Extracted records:
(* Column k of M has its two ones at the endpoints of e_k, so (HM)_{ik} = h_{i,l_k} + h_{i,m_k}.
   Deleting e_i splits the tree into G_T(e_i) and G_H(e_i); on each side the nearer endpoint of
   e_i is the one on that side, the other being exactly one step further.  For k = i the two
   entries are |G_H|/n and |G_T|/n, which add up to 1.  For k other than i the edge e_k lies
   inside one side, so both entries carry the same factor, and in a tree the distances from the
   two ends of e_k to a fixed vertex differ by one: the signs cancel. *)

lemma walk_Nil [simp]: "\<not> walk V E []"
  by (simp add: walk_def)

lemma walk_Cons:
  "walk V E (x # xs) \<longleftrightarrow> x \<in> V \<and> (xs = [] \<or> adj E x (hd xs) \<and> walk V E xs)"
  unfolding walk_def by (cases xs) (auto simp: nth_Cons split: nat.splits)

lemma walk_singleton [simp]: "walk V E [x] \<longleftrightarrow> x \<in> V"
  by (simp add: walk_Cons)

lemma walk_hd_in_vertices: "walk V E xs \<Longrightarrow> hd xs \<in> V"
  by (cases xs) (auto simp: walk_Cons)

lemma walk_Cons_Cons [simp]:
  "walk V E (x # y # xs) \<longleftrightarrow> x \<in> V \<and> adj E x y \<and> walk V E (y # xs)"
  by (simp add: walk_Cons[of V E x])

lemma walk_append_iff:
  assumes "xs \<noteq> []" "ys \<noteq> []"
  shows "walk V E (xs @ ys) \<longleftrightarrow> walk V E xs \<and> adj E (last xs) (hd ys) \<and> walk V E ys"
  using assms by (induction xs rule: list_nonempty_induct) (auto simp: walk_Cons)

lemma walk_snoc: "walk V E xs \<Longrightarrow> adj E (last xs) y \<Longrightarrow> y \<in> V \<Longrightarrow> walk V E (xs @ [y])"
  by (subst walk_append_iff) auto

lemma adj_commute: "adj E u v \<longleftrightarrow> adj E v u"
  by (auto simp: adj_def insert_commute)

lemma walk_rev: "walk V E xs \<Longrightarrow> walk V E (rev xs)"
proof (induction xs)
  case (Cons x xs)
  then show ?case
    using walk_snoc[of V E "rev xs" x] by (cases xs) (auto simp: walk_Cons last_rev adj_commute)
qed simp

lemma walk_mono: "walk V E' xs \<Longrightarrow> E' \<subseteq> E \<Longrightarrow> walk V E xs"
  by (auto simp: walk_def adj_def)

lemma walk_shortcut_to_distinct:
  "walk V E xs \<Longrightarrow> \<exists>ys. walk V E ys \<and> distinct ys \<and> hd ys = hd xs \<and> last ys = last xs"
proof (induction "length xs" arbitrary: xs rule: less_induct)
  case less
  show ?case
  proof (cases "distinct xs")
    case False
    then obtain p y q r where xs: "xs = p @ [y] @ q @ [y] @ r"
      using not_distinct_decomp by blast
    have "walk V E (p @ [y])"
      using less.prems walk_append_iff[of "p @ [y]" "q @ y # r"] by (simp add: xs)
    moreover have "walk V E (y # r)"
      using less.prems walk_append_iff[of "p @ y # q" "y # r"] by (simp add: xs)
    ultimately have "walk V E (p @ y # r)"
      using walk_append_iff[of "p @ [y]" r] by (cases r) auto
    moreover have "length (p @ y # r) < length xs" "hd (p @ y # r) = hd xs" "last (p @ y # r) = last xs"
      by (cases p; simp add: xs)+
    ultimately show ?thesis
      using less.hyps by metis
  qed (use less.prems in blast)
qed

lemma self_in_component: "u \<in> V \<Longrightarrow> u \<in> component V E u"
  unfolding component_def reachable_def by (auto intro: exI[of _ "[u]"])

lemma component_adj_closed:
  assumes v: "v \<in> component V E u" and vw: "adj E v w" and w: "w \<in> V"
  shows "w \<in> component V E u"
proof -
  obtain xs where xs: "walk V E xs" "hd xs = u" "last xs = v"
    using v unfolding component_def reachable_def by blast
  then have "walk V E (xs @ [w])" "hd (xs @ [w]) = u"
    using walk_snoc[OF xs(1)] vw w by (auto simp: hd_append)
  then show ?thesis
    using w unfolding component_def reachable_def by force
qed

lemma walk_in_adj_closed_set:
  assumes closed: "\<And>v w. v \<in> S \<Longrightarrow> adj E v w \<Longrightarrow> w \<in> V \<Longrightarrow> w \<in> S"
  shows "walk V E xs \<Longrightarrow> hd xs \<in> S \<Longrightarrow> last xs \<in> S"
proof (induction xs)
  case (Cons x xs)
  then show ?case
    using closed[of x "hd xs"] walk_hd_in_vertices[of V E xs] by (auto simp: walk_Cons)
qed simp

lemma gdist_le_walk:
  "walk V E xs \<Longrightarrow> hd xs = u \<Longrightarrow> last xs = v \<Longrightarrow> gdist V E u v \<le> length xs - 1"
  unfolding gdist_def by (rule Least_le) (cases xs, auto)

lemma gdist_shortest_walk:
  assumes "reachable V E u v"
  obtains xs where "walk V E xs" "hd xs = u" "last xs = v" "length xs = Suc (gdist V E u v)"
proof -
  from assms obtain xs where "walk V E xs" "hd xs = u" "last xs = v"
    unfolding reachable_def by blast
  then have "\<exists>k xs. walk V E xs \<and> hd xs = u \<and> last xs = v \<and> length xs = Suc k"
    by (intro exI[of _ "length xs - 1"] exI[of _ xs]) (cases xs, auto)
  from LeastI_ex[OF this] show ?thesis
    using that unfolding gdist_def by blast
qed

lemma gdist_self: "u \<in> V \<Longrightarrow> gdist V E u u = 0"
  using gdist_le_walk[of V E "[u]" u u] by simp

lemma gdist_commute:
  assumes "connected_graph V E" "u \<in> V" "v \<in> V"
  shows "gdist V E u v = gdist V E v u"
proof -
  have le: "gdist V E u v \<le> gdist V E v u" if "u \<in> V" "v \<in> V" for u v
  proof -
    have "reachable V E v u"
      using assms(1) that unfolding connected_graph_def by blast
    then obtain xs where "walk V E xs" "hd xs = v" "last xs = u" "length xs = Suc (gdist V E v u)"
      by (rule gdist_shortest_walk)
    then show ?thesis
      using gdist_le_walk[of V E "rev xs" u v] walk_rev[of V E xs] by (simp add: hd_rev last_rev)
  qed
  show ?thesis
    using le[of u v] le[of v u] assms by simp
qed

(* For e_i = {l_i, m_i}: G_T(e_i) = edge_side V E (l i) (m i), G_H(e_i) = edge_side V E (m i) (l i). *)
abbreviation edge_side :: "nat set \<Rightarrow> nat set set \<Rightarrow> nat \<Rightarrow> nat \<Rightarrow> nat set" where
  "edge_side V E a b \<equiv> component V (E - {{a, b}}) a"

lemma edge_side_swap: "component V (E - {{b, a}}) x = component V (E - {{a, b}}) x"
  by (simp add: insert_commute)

### Work task
Please say how many lines in the records above contain the word "assumes". Give the number alone.

### Your response
5